Loading checkpoint shards: 100%|██████████| 2/2 [00:17<00:00,  8.96s/it]


In [4]:
# Load the candidate data from the parquet file

try:
	data = pd.read_parquet(paths['data'] / "interim/encoded.parquet")
except Exception as e:
	print(f"Failed to load parquet file: {e}. Loading CSV instead.")
	data = pd.read_csv(paths['data'] / "interim/encoded.csv")
print("Loaded candidate data.")
data.head()

Loaded candidate data.


Unnamed: 0,job_title,location,connection
0,ct bauer college of business graduate magna c...,"houston, texas",85
1,native english teacher at tech english program...,kanada,501
2,aspiring human resources professional,"raleigh-durham, north carolina",44
3,people development coordinator at not tech,"denton, texas",501
4,advisory board member at celal bayar university,"i̇zmir, türkiye",501


In [None]:
search_phrase = 'aspiring human resources'
location = "New york"

# Define the task for the model
instructions = "Rank the candidates based on their job_title against our search term using cosine similarity. The higher the score, the better the match. Include the cosine similarity scores. Return the top 5 candidates in markdown format. Do not show intermediary responses, nor the reasoning, only show the final table result."

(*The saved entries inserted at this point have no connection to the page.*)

lemma eventually_monotone_if_sgn_deriv_opposite:
  fixes S S' h :: "real \<Rightarrow> real"
  assumes deriv: "\<And>r. R < r \<Longrightarrow> (S has_real_derivative S' r) (at r)"
    and cont: "continuous_on {R<..} h"
    and sgn_opp: "\<And>r. R < r \<Longrightarrow> sgn (S' r) = - sgn (h r)"
    and drop: "\<And>x y. R < x \<Longrightarrow> x < y \<Longrightarrow> (\<And>t. x < t \<Longrightarrow> t < y \<Longrightarrow> S' t < 0) \<Longrightarrow> h y < h x"
  shows "\<exists>R'\<ge>R. mono_on {R'<..} S \<or> antimono_on {R'<..} S"
proof -
  have S'_neg_iff: "S' r < 0 \<longleftrightarrow> 0 < h r" if "R < r" for r
    using sgn_opp[OF that] by (auto simp: sgn_if split: if_splits)
  show ?thesis
  proof (cases "\<forall>r>R. 0 < h r")
    case True
    then have "S' r \<le> 0" if "R < r" for r
      using S'_neg_iff[OF that] that by auto
    then have "antimono_on {R<..} S"
      using deriv by (intro antimono_on_if_deriv_nonpos[of _ S S']) (auto simp: is_interval_1)
    then show ?thesis
      by blast
  next
    case False
    then obtain r1 where "R < r1" "h r1 \<le> 0"
      by (auto simp: not_less)
    have S'_nonneg: "0 \<le> S' r" if "r1 < r" for r
    proof -
      have "h r \<le> 0"
      proof (rule nonpositive_persists[where h=h, OF _ less_imp_le[OF that] \<open>h r1 \<le> 0\<close>])
        show "continuous_on {r1..r} h"
          using \<open>R < r1\<close> by (intro continuous_on_subset[OF cont]) auto
        fix x assume "r1 \<le> x" "x < r" "\<forall>t\<in>{x<..r}. 0 < h t"
        then show "h r < h x"
          using \<open>R < r1\<close> S'_neg_iff by (intro drop) auto
      qed
      then show ?thesis
        using S'_neg_iff[of r] \<open>R < r1\<close> that by (auto simp: not_less[symmetric])
    qed
    have "mono_on {r1<..} S"
      using deriv S'_nonneg \<open>R < r1\<close> by (intro mono_on_if_deriv_nonneg[of _ S S']) (auto simp: is_interval_1)
    then show ?thesis
      using \<open>R < r1\<close> by (blast intro: less_imp_le)
  qed
qed

lemma strict_mono_comp_diff_decreasing:
  fixes S S' \<phi> \<psi> :: "real \<Rightarrow> real"
  assumes deriv: "\<And>r. R < r \<Longrightarrow> (S has_real_derivative S' r) (at r)"
    and \<phi>: "strict_mono_on D \<phi>" and S_in: "\<And>r. R < r \<Longrightarrow> S r \<in> D"
    and \<psi>: "mono_on {R<..} \<psi>"
    and "R < x" and "x < y" and S'_neg: "\<And>t. x < t \<Longrightarrow> t < y \<Longrightarrow> S' t < 0"
  shows "\<phi> (S y) - \<psi> y < \<phi> (S x) - \<psi> x"
proof -
  have "continuous_on {x..y} S"
    using deriv \<open>R < x\<close> by (intro has_real_derivative_imp_continuous_on[where f'=S']) auto
  then have "S y < S x"
  proof (rule DERIV_neg_imp_decreasing_open[OF \<open>x < y\<close>, rotated])
    fix t assume "x < t" "t < y"
    then show "\<exists>z. (S has_real_derivative z) (at t) \<and> z < 0"
      using deriv S'_neg \<open>R < x\<close> by (intro exI[of _ "S' t"]) auto
  qed
  then have "\<phi> (S y) < \<phi> (S x)"
    using \<phi> S_in \<open>R < x\<close> \<open>x < y\<close> by (auto intro: strict_mono_onD)
  moreover have "\<psi> x \<le> \<psi> y"
    using \<psi> \<open>R < x\<close> \<open>x < y\<close> by (auto intro: mono_onD)
  ultimately show ?thesis
    by simp
qed

lemma eventually_monotone_if_sgn_deriv_mono:
  fixes S S' \<phi> \<psi> :: "real \<Rightarrow> real"
  assumes deriv: "\<And>r. R < r \<Longrightarrow> (S has_real_derivative S' r) (at r)"
    and \<phi>: "strict_mono_on D \<phi>" and S_in: "\<And>r. R < r \<Longrightarrow> S r \<in> D"
    and \<psi>: "mono_on {R<..} \<psi>"
    and cont: "continuous_on {R<..} (\<lambda>r. \<phi> (S r) - \<psi> r)"
    and sgn_deriv: "\<And>r. R < r \<Longrightarrow> sgn (S' r) = \<sigma> * sgn (\<phi> (S r) - \<psi> r)"
    and \<sigma>: "\<sigma> = 1 \<or> \<sigma> = -1"
  shows "\<exists>R'\<ge>R. mono_on {R'<..} S \<or> antimono_on {R'<..} S"
  using \<sigma>
proof
  assume "\<sigma> = 1"
  then show ?thesis
    using sgn_deriv by (intro eventually_monotone_if_sgn_deriv_eq[OF deriv cont]
        strict_mono_comp_diff_decreasing[OF deriv \<phi> S_in \<psi>]) auto
next
  assume "\<sigma> = -1"
  then show ?thesis
    using sgn_deriv by (intro eventually_monotone_if_sgn_deriv_opposite[OF deriv cont]
        strict_mono_comp_diff_decreasing[OF deriv \<phi> S_in \<psi>]) auto
qed

lemma eventually_monotone_if_sgn_deriv:
  fixes S S' \<phi> \<psi> :: "real \<Rightarrow> real"
  assumes deriv: "\<And>r. R < r \<Longrightarrow> (S has_real_derivative S' r) (at r)"
    and \<phi>: "strict_mono_on D \<phi>" and S_in: "\<And>r. R < r \<Longrightarrow> S r \<in> D"
    and \<psi>: "mono_on {R<..} \<psi> \<or> antimono_on {R<..} \<psi>"
    and cont: "continuous_on {R<..} (\<lambda>r. \<phi> (S r) - \<psi> r)"
    and sgn_deriv: "\<And>r. R < r \<Longrightarrow> sgn (S' r) = \<sigma> * sgn (\<phi> (S r) - \<psi> r)"
    and \<sigma>: "\<sigma> = 1 \<or> \<sigma> = -1"
  shows "\<exists>R'\<ge>R. mono_on {R'<..} S \<or> antimono_on {R'<..} S"
  using \<psi>
proof
  assume "mono_on {R<..} \<psi>"
  then show ?thesis
    using eventually_monotone_if_sgn_deriv_mono[OF deriv \<phi> S_in _ cont sgn_deriv \<sigma>] by blast
next
  assume "antimono_on {R<..} \<psi>"
  \<comment> \<open>Reflection: \<open>-S\<close> obeys the same sign law with \<open>x \<mapsto> -\<phi> (-x)\<close> and the monotone \<open>-\<psi>\<close>.\<close>
  have "\<exists>R'\<ge>R. mono_on {R'<..} (\<lambda>r. - S r) \<or> antimono_on {R'<..} (\<lambda>r. - S r)"
  proof (rule eventually_monotone_if_sgn_deriv_mono[where D="uminus ` D" and \<phi>="\<lambda>x. - \<phi> (- x)"
        and \<psi>="\<lambda>r. - \<psi> r" and S'="\<lambda>r. - S' r" and \<sigma>=\<sigma>])
    show "strict_mono_on (uminus ` D) (\<lambda>x. - \<phi> (- x))"
      using \<phi> by (auto simp: monotone_on_def)
    show "mono_on {R<..} (\<lambda>r. - \<psi> r)"
      using \<open>antimono_on {R<..} \<psi>\<close> by (simp add: mono_on_uminus_iff)
    show "continuous_on {R<..} (\<lambda>r. - \<phi> (- (- S r)) - - \<psi> r)"
      using continuous_on_minus[OF cont] by simp
    have "sgn (\<psi> r - \<phi> (S r)) = - sgn (\<phi> (S r) - \<psi> r)" for r
      by (metis minus_diff_eq sgn_minus)
    then show "sgn (- S' r) = \<sigma> * sgn (- \<phi> (- (- S r)) - - \<psi> r)" if "R < r" for r
      using sgn_deriv[OF that] by (simp add: sgn_minus)
  qed (use deriv S_in \<sigma> in \<open>auto intro: DERIV_minus\<close>)
  then show ?thesis
    by (simp add: mono_on_uminus_iff antimono_on_uminus_iff disj_commute)
qed

section \<open>The initial value problem\<close>

lemma gpow_pos:
  assumes "admissible_g N a \<alpha>" and "0 \<le> s"
  shows "0 < gpow N a \<alpha> s"
proof -
  have "0 \<le> (\<Sum>j=1..N. a j * s powr \<alpha> j)"
    using assms by (intro sum_nonneg) (auto simp: admissible_g_def)
  then show ?thesis
    using assms by (simp add: gpow_def admissible_g_def)
qed

lemma sgn_Gfun:
  assumes "admissible_g N a \<alpha>"
  shows "sgn (Gfun N a \<alpha> u) = sgn u"
  using gpow_pos[OF assms abs_ge_zero] by (simp add: Gfun_def sgn_mult)

lemma admissible_g_exponent_pos:
  assumes "admissible_g N a \<alpha>" and "j \<in> {1..N}"
  shows "0 < \<alpha> j"
proof (cases "j = 1")
  case False
  then have "\<alpha> 1 < \<alpha> j"
    using assms by (auto simp: admissible_g_def)
  then show ?thesis
    using assms by (simp add: admissible_g_def)
qed (use assms in \<open>simp add: admissible_g_def\<close>)

lemma continuous_on_gpow:
  assumes "admissible_g N a \<alpha>"
  shows "continuous_on {0..} (gpow N a \<alpha>)"
  unfolding gpow_def using admissible_g_exponent_pos[OF assms]
  by (intro continuous_intros continuous_on_powr') auto

lemma gpow_scaled_eq_powr_sum:
  assumes "0 \<le> k" and "0 < v"
  shows "gpow N a \<alpha> (k * v) = (\<Sum>j=0..N. (if j = 0 then a 0 else a j * k powr \<alpha> j) * v powr (if j = 0 then 0 else \<alpha> j))"
proof -
  have "(\<Sum>j=1..N. a j * (k * v) powr \<alpha> j)
      = (\<Sum>j=1..N. (if j = 0 then a 0 else a j * k powr \<alpha> j) * v powr (if j = 0 then 0 else \<alpha> j))"
    using assms by (intro sum.cong) (auto simp: powr_mult)
  moreover have "{0..N} = insert 0 {1..N}"
    by auto
  ultimately show ?thesis
    using assms by (simp add: gpow_def)
qed

lemma gpow_ratio_eventually_monotone:
  fixes c k l :: real and N :: nat and a \<alpha> :: "nat \<Rightarrow> real"
  assumes "admissible_g M b \<beta>" and "0 \<le> k" and "0 \<le> l"
  defines "\<rho> \<equiv> \<lambda>v. c * (gpow N a \<alpha> (k * v) / gpow M b \<beta> (l * v))"
  shows "\<exists>\<epsilon>>0. mono_on {0<..<\<epsilon>} \<rho> \<or> antimono_on {0<..<\<epsilon>} \<rho>"
proof -
  define coeff where "coeff a' \<alpha>' k' j = (if j = 0 then a' 0 else a' j * k' powr \<alpha>' j)"
    for a' \<alpha>' :: "nat \<Rightarrow> real" and k' :: real and j :: nat
  define ex where "ex \<alpha>' j = (if j = 0 then 0 else \<alpha>' j)" for \<alpha>' :: "nat \<Rightarrow> real" and j :: nat
  define \<rho>' where "\<rho>' v = (\<Sum>j=0..N. c * coeff a \<alpha> k j * v powr ex \<alpha> j)
      / (\<Sum>j=0..M. coeff b \<beta> l j * v powr ex \<beta> j)" for v
  have "0 < (\<Sum>j=0..M. coeff b \<beta> l j * v powr ex \<beta> j)" if "0 < v" for v
    using gpow_pos[OF assms(1), of "l * v"] gpow_scaled_eq_powr_sum[OF \<open>0 \<le> l\<close> that] that \<open>0 \<le> l\<close>
    by (simp add: coeff_def ex_def)
  then obtain \<epsilon> where "0 < \<epsilon>" and \<epsilon>: "mono_on {0<..<\<epsilon>} \<rho>' \<or> antimono_on {0<..<\<epsilon>} \<rho>'"
    using powr_sum_ratio_eventually_monotone[where A="{0..N}" and B="{0..M}"
        and p="\<lambda>j. c * coeff a \<alpha> k j" and e="ex \<alpha>" and q="coeff b \<beta> l" and d="ex \<beta>"]
    unfolding \<rho>'_def by auto
  have "\<rho>' v = \<rho> v" if "0 < v" for v
    using gpow_scaled_eq_powr_sum[OF \<open>0 \<le> k\<close> that] gpow_scaled_eq_powr_sum[OF \<open>0 \<le> l\<close> that]
    by (simp add: \<rho>'_def \<rho>_def coeff_def ex_def sum_distrib_left mult.assoc)
  then have "mono_on {0<..<\<epsilon>} \<rho>' = mono_on {0<..<\<epsilon>} \<rho>"
    "antimono_on {0<..<\<epsilon>} \<rho>' = antimono_on {0<..<\<epsilon>} \<rho>"
    by (auto simp: monotone_on_def)
  then show ?thesis
    using \<open>0 < \<epsilon>\<close> \<epsilon> by auto
qed
(* If $G$ is a finite graph that does not contain $K_{t,t}$ as a subgraph, then \[\deg(G)/(2t^2)<\mathrm{fw}_1(G)\le(\deg(G)+1)^t.\] Consequently, if $\mathcal C$ is a weakly sparse class of graphs, then $\sup_{G\in\mathcal C}\mathrm{fw}_1(G)<\infty$ if and only if $\mathcal C$ has bounded degeneracy.
   Context: Graphs are finite, simple, undirected. $\deg(G)$ (degeneracy) is the least $d$ such that some total order of $V(G)$ has every vertex with at most $d$ earlier neighbours. A class is weakly sparse if there is $t$ such that no graph in it contains $K_{t,t}$ as a subgraph. A $k$-flip of $G$ is obtained by choosing a partition $\mathcal P$ of $V(G)$ with at most $k$ parts and, for some pairs $A,B$ of (possibly equal) parts, inverting adjacency of every pair of distinct $x\in A,y\in B$. Flipper game of radius $1$ and width $k$: $G_0=G$, runner chooses $v_0$; in round $i\ge1$ the flipper announces a $k$-flip $G_i$ of $G$, the runner moves from $v_{i-1}$ to $v_i$ equal or adjacent to $v_{i-1}$ in $G_{i-1}$; the flipper wins if $v_i$ is isolated in $G_i$. $\mathrm{fw}_1(G)$ is the least $k$ for which the flipper has a winning strategy. *)

theory Defs
  imports Complex_Main "HOL-Library.Disjoint_Sets"
begin

type_synonym 'a graph = "'a set \<times> ('a \<Rightarrow> 'a \<Rightarrow> bool)"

# Format the data for the model
data_sample = data['job_title'].sample(15, random_state=42).to_list()

# 
messages = f"Instructions: {instructions}\n\nsearch term:{search_phrase}\n\nCandidates: {data_sample}"

inputs = tokenizer(messages, return_tensors="pt")

# Generate a response
outputs = model.generate(**inputs, max_length=800+1)
display(Markdown(tokenizer.decode(outputs[0], skip_special_tokens=True)))

The `seen_tokens` attribute is deprecated and will be removed in v4.41. Use the `cache_position` model input instead.
`get_max_cache()` is deprecated for all Cache classes. Use `get_max_cache_shape()` instead. Calling `get_max_cache()` will raise error from v4.48
You are not running the flash-attention implementation, expect numerical differences.


Instructions: Rank the candidates based on their job_title against our search term using cosine similarity. The higher the score, the better the match. Include the cosine similarity scores. Return the top 5 candidates in markdown format. Do not show intermediary responses, nor the reasoning, only show the final table result.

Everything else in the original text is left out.